[SUPPLIED MATERIAL]:
■ ■ ■
lemma islimpt_scaled_errors_large_denominator:
  assumes "x islimpt scaled_errors \<alpha>" and "\<delta> > 0"
  obtains q p where "q \<noteq> 0" and "Q < \<bar>q\<bar>"
    and "\<bar>\<bar>real_of_int q\<bar> * (real_of_int q * \<alpha> - real_of_int p) - x\<bar> < \<delta>"
proof -
  define G where "G = {\<bar>real_of_int q\<bar> * (real_of_int q * \<alpha> - real_of_int p) | q p.
     q \<noteq> 0 \<and> \<bar>q\<bar> \<le> Q \<and> \<bar>\<bar>real_of_int q\<bar> * (real_of_int q * \<alpha> - real_of_int p)\<bar> \<le> \<bar>x\<bar> + \<delta>}"
  have "x islimpt (G \<union> (scaled_errors \<alpha> - G))"
    using assms(1) by (rule islimpt_subset) blast
  then have "x islimpt (scaled_errors \<alpha> - G)"
    using islimpt_Un_finite finite_bounded_scaled_errors unfolding G_def by blast
  then obtain y where "y \<in> scaled_errors \<alpha>" and "y \<notin> G" and close: "\<bar>y - x\<bar> < \<delta>"
    using \<open>\<delta> > 0\<close> unfolding islimpt_approachable_real by blast
  then obtain q p where "q \<noteq> 0" and y: "y = \<bar>real_of_int q\<bar> * (real_of_int q * \<alpha> - real_of_int p)"
    by (auto simp: scaled_errors_def)
  moreover have "\<bar>y\<bar> \<le> \<bar>x\<bar> + \<delta>"
    using close by linarith
  with \<open>y \<notin> G\<close> \<open>q \<noteq> 0\<close> have "Q < \<bar>q\<bar>"
    unfolding G_def y by force
  ultimately show thesis
    using close that by blast
qed

lemma linear_form_eq_0_iff:
  assumes "\<beta> \<notin> \<rat>"
  shows "linear_form \<beta> p q = 0 \<longleftrightarrow> p = 0 \<and> q = 0"
proof
  assume zero: "linear_form \<beta> p q = 0"
  have "q = 0"
  proof (rule ccontr)
    assume "q \<noteq> 0"
    with zero have "\<beta> = of_int p / of_int q"
      by (simp add: linear_form_def field_simps)
    with assms show False
      by simp
  qed
  with zero show "p = 0 \<and> q = 0"
    by (simp add: linear_form_def)
qed (simp add: linear_form_def)

lemma norm_form_expand:
  "norm_form \<beta> \<beta>' p q = of_int p ^ 2 - (\<beta> + \<beta>') * of_int p * of_int q + \<beta> * \<beta>' * of_int q ^ 2"
  by (simp add: norm_form_def linear_form_def algebra_simps power2_eq_square)

text \<open>With \<open>\<theta> = M(\<beta> - \<beta>')\<close>, multiplication by \<open>X + Y\<theta>\<close> maps \<open>\<int> + \<beta>\<int>\<close> into itself as soon as
  \<open>M(\<beta> + \<beta>')\<close> and \<open>M\<beta>\<beta>'\<close> are integers.\<close>

lemma unit_times_linear_form:
  fixes \<beta> \<beta>' :: real and M T N X Y p q :: int
  assumes "of_int M * (\<beta> + \<beta>') = of_int T" and "of_int M * (\<beta> * \<beta>') = of_int N"
  shows "(of_int X + of_int Y * (of_int M * (\<beta> - \<beta>'))) * linear_form \<beta> p q =
    linear_form \<beta> ((X - Y * T) * p + 2 * Y * N * q) ((X + Y * T) * q - 2 * Y * M * p)"
proof -
  have "(of_int X + of_int Y * (of_int M * (\<beta> - \<beta>'))) * linear_form \<beta> p q -
      linear_form \<beta> ((X - Y * T) * p + 2 * Y * N * q) ((X + Y * T) * q - 2 * Y * M * p) =
    of_int Y * (of_int p + of_int q * \<beta>) * (of_int T - of_int M * (\<beta> + \<beta>')) +
      2 * of_int Y * of_int q * (of_int M * (\<beta> * \<beta>') - of_int N)"
    by (simp add: linear_form_def algebra_simps)
  with assms show ?thesis
    by simp
qed

lemma scaled_error_eq:
  assumes "\<beta> \<noteq> \<beta>'" and "q \<noteq> 0"
  shows "\<bar>real_of_int q\<bar> * (real_of_int q * \<beta> - real_of_int p) =
    of_int (sgn q) * ((linear_form \<beta> p q)\<^sup>2 - norm_form \<beta> \<beta>' p q) / (\<beta> - \<beta>')"
proof -
  have "(linear_form \<beta> p q)\<^sup>2 - norm_form \<beta> \<beta>' p q = - of_int q * linear_form \<beta> p q * (\<beta> - \<beta>')"
    by (simp add: norm_form_def linear_form_def algebra_simps power2_eq_square)
  then have "of_int (sgn q) * ((linear_form \<beta> p q)\<^sup>2 - norm_form \<beta> \<beta>' p q) / (\<beta> - \<beta>') =
      - (of_int (sgn q) * of_int q) * linear_form \<beta> p q"
    using assms(1) by simp
  also have "of_int (sgn q) * of_int q = \<bar>real_of_int q\<bar>"
    by (simp add: sgn_if)
  finally show ?thesis
    by (simp add: linear_form_def algebra_simps)
qed

lemma norm_form_shift_mem_scaled_errors:
  assumes "\<beta> \<noteq> \<beta>'" and "q \<noteq> 0" and "\<sigma> \<in> {1, -1}"
  shows "\<sigma> * ((linear_form \<beta> p q)\<^sup>2 - norm_form \<beta> \<beta>' p q) / (\<beta> - \<beta>') \<in> scaled_errors \<beta>"
proof -
  define y where "y = \<bar>real_of_int q\<bar> * (real_of_int q * \<beta> - real_of_int p)"
  have "y \<in> scaled_errors \<beta>" and "- y \<in> scaled_errors \<beta>"
    using assms(2) scaled_errors_uminus unfolding y_def scaled_errors_def by blast+
  moreover have "\<sigma> * ((linear_form \<beta> p q)\<^sup>2 - norm_form \<beta> \<beta>' p q) / (\<beta> - \<beta>') =
      (\<sigma> * of_int (sgn q)) * y"
    unfolding y_def scaled_error_eq[OF assms(1,2)] using assms(2) by (simp add: sgn_if)
  moreover have "\<sigma> * of_int (sgn q) \<in> {1, -1}"
    using assms(2,3) by (auto simp: sgn_if)
  ultimately show ?thesis
    by auto
qed

lemma linear_form_small:
  assumes "q \<noteq> 0" and bound: "\<bar>\<bar>real_of_int q\<bar> * (real_of_int q * \<beta> - real_of_int p)\<bar> \<le> R"
  shows "\<bar>real_of_int q\<bar> * \<bar>linear_form \<beta> p q\<bar> \<le> R"
    and "\<bar>linear_form \<beta> p q\<bar> \<le> R"
    and "(linear_form \<beta> p q)\<^sup>2 \<le> R\<^sup>2 / \<bar>real_of_int q\<bar>"
proof -
  define \<xi> where "\<xi> = linear_form \<beta> p q"
  have q1: "1 \<le> \<bar>real_of_int q\<bar>"
    using assms(1) by linarith
  show q\<xi>: "\<bar>real_of_int q\<bar> * \<bar>linear_form \<beta> p q\<bar> \<le> R"
    using bound by (simp add: linear_form_def abs_mult abs_minus_commute)
  moreover have "\<bar>\<xi>\<bar> \<le> \<bar>real_of_int q\<bar> * \<bar>\<xi>\<bar>"
    using mult_right_mono[OF q1] by fastforce
  ultimately show \<xi>R: "\<bar>linear_form \<beta> p q\<bar> \<le> R"
    unfolding \<xi>_def by linarith
  have "\<xi>\<^sup>2 * \<bar>real_of_int q\<bar> = \<bar>\<xi>\<bar> * (\<bar>real_of_int q\<bar> * \<bar>\<xi>\<bar>)"
    by (simp add: power2_eq_square)
  also have "\<dots> \<le> R * R"
    using \<xi>R q\<xi> unfolding \<xi>_def by (intro mult_mono) auto
  finally show "(linear_form \<beta> p q)\<^sup>2 \<le> R\<^sup>2 / \<bar>real_of_int q\<bar>"
    using q1 by (simp add: \<xi>_def field_simps power2_eq_square)
qed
■ ■ ■
[HOW TO COMPLETE THIS TASK]: Transcribe the material above in its entirety. Match it exactly.

[SOLUTION]:
lemma islimpt_scaled_errors_large_denominator:
  assumes "x islimpt scaled_errors \<alpha>" and "\<delta> > 0"
  obtains q p where "q \<noteq> 0" and "Q < \<bar>q\<bar>"
    and "\<bar>\<bar>real_of_int q\<bar> * (real_of_int q * \<alpha> - real_of_int p) - x\<bar> < \<delta>"
proof -
  define G where "G = {\<bar>real_of_int q\<bar> * (real_of_int q * \<alpha> - real_of_int p) | q p.
     q \<noteq> 0 \<and> \<bar>q\<bar> \<le> Q \<and> \<bar>\<bar>real_of_int q\<bar> * (real_of_int q * \<alpha> - real_of_int p)\<bar> \<le> \<bar>x\<bar> + \<delta>}"
  have "x islimpt (G \<union> (scaled_errors \<alpha> - G))"
    using assms(1) by (rule islimpt_subset) blast
  then have "x islimpt (scaled_errors \<alpha> - G)"
    using islimpt_Un_finite finite_bounded_scaled_errors unfolding G_def by blast
  then obtain y where "y \<in> scaled_errors \<alpha>" and "y \<notin> G" and close: "\<bar>y - x\<bar> < \<delta>"
    using \<open>\<delta> > 0\<close> unfolding islimpt_approachable_real by blast
  then obtain q p where "q \<noteq> 0" and y: "y = \<bar>real_of_int q\<bar> * (real_of_int q * \<alpha> - real_of_int p)"
    by (auto simp: scaled_errors_def)
  moreover have "\<bar>y\<bar> \<le> \<bar>x\<bar> + \<delta>"
    using close by linarith
  with \<open>y \<notin> G\<close> \<open>q \<noteq> 0\<close> have "Q < \<bar>q\<bar>"
    unfolding G_def y by force
  ultimately show thesis
    using close that by blast
qed

lemma linear_form_eq_0_iff:
  assumes "\<beta> \<notin> \<rat>"
  shows "linear_form \<beta> p q = 0 \<longleftrightarrow> p = 0 \<and> q = 0"
proof
  assume zero: "linear_form \<beta> p q = 0"
  have "q = 0"
  proof (rule ccontr)
    assume "q \<noteq> 0"
    with zero have "\<beta> = of_int p / of_int q"
      by (simp add: linear_form_def field_simps)
    with assms show False
      by simp
  qed
  with zero show "p = 0 \<and> q = 0"
    by (simp add: linear_form_def)
qed (simp add: linear_form_def)

lemma norm_form_expand:
  "norm_form \<beta> \<beta>' p q = of_int p ^ 2 - (\<beta> + \<beta>') * of_int p * of_int q + \<beta> * \<beta>' * of_int q ^ 2"
  by (simp add: norm_form_def linear_form_def algebra_simps power2_eq_square)

text \<open>With \<open>\<theta> = M(\<beta> - \<beta>')\<close>, multiplication by \<open>X + Y\<theta>\<close> maps \<open>\<int> + \<beta>\<int>\<close> into itself as soon as
  \<open>M(\<beta> + \<beta>')\<close> and \<open>M\<beta>\<beta>'\<close> are integers.\<close>

lemma unit_times_linear_form:
  fixes \<beta> \<beta>' :: real and M T N X Y p q :: int
  assumes "of_int M * (\<beta> + \<beta>') = of_int T" and "of_int M * (\<beta> * \<beta>') = of_int N"
  shows "(of_int X + of_int Y * (of_int M * (\<beta> - \<beta>'))) * linear_form \<beta> p q =
    linear_form \<beta> ((X - Y * T) * p + 2 * Y * N * q) ((X + Y * T) * q - 2 * Y * M * p)"
proof -
  have "(of_int X + of_int Y * (of_int M * (\<beta> - \<beta>'))) * linear_form \<beta> p q -
      linear_form \<beta> ((X - Y * T) * p + 2 * Y * N * q) ((X + Y * T) * q - 2 * Y * M * p) =
    of_int Y * (of_int p + of_int q * \<beta>) * (of_int T - of_int M * (\<beta> + \<beta>')) +
      2 * of_int Y * of_int q * (of_int M * (\<beta> * \<beta>') - of_int N)"
    by (simp add: linear_form_def algebra_simps)
  with assms show ?thesis
    by simp
qed

lemma scaled_error_eq:
  assumes "\<beta> \<noteq> \<beta>'" and "q \<noteq> 0"
  shows "\<bar>real_of_int q\<bar> * (real_of_int q * \<beta> - real_of_int p) =
    of_int (sgn q) * ((linear_form \<beta> p q)\<^sup>2 - norm_form \<beta> \<beta>' p q) / (\<beta> - \<beta>')"
proof -
  have "(linear_form \<beta> p q)\<^sup>2 - norm_form \<beta> \<beta>' p q = - of_int q * linear_form \<beta> p q * (\<beta> - \<beta>')"
    by (simp add: norm_form_def linear_form_def algebra_simps power2_eq_square)
  then have "of_int (sgn q) * ((linear_form \<beta> p q)\<^sup>2 - norm_form \<beta> \<beta>' p q) / (\<beta> - \<beta>') =
      - (of_int (sgn q) * of_int q) * linear_form \<beta> p q"
    using assms(1) by simp
  also have "of_int (sgn q) * of_int q = \<bar>real_of_int q\<bar>"
    by (simp add: sgn_if)
  finally show ?thesis
    by (simp add: linear_form_def algebra_simps)
qed

lemma norm_form_shift_mem_scaled_errors:
  assumes "\<beta> \<noteq> \<beta>'" and "q \<noteq> 0" and "\<sigma> \<in> {1, -1}"
  shows "\<sigma> * ((linear_form \<beta> p q)\<^sup>2 - norm_form \<beta> \<beta>' p q) / (\<beta> - \<beta>') \<in> scaled_errors \<beta>"
proof -
  define y where "y = \<bar>real_of_int q\<bar> * (real_of_int q * \<beta> - real_of_int p)"
  have "y \<in> scaled_errors \<beta>" and "- y \<in> scaled_errors \<beta>"
    using assms(2) scaled_errors_uminus unfolding y_def scaled_errors_def by blast+
  moreover have "\<sigma> * ((linear_form \<beta> p q)\<^sup>2 - norm_form \<beta> \<beta>' p q) / (\<beta> - \<beta>') =
      (\<sigma> * of_int (sgn q)) * y"
    unfolding y_def scaled_error_eq[OF assms(1,2)] using assms(2) by (simp add: sgn_if)
  moreover have "\<sigma> * of_int (sgn q) \<in> {1, -1}"
    using assms(2,3) by (auto simp: sgn_if)
  ultimately show ?thesis
    by auto
qed

lemma linear_form_small:
  assumes "q \<noteq> 0" and bound: "\<bar>\<bar>real_of_int q\<bar> * (real_of_int q * \<beta> - real_of_int p)\<bar> \<le> R"
  shows "\<bar>real_of_int q\<bar> * \<bar>linear_form \<beta> p q\<bar> \<le> R"
    and "\<bar>linear_form \<beta> p q\<bar> \<le> R"
    and "(linear_form \<beta> p q)\<^sup>2 \<le> R\<^sup>2 / \<bar>real_of_int q\<bar>"
proof -
  define \<xi> where "\<xi> = linear_form \<beta> p q"
  have q1: "1 \<le> \<bar>real_of_int q\<bar>"
    using assms(1) by linarith
  show q\<xi>: "\<bar>real_of_int q\<bar> * \<bar>linear_form \<beta> p q\<bar> \<le> R"
    using bound by (simp add: linear_form_def abs_mult abs_minus_commute)
  moreover have "\<bar>\<xi>\<bar> \<le> \<bar>real_of_int q\<bar> * \<bar>\<xi>\<bar>"
    using mult_right_mono[OF q1] by fastforce
  ultimately show \<xi>R: "\<bar>linear_form \<beta> p q\<bar> \<le> R"
    unfolding \<xi>_def by linarith
  have "\<xi>\<^sup>2 * \<bar>real_of_int q\<bar> = \<bar>\<xi>\<bar> * (\<bar>real_of_int q\<bar> * \<bar>\<xi>\<bar>)"
    by (simp add: power2_eq_square)
  also have "\<dots> \<le> R * R"
    using \<xi>R q\<xi> unfolding \<xi>_def by (intro mult_mono) auto
  finally show "(linear_form \<beta> p q)\<^sup>2 \<le> R\<^sup>2 / \<bar>real_of_int q\<bar>"
    using q1 by (simp add: \<xi>_def field_simps power2_eq_square)
qed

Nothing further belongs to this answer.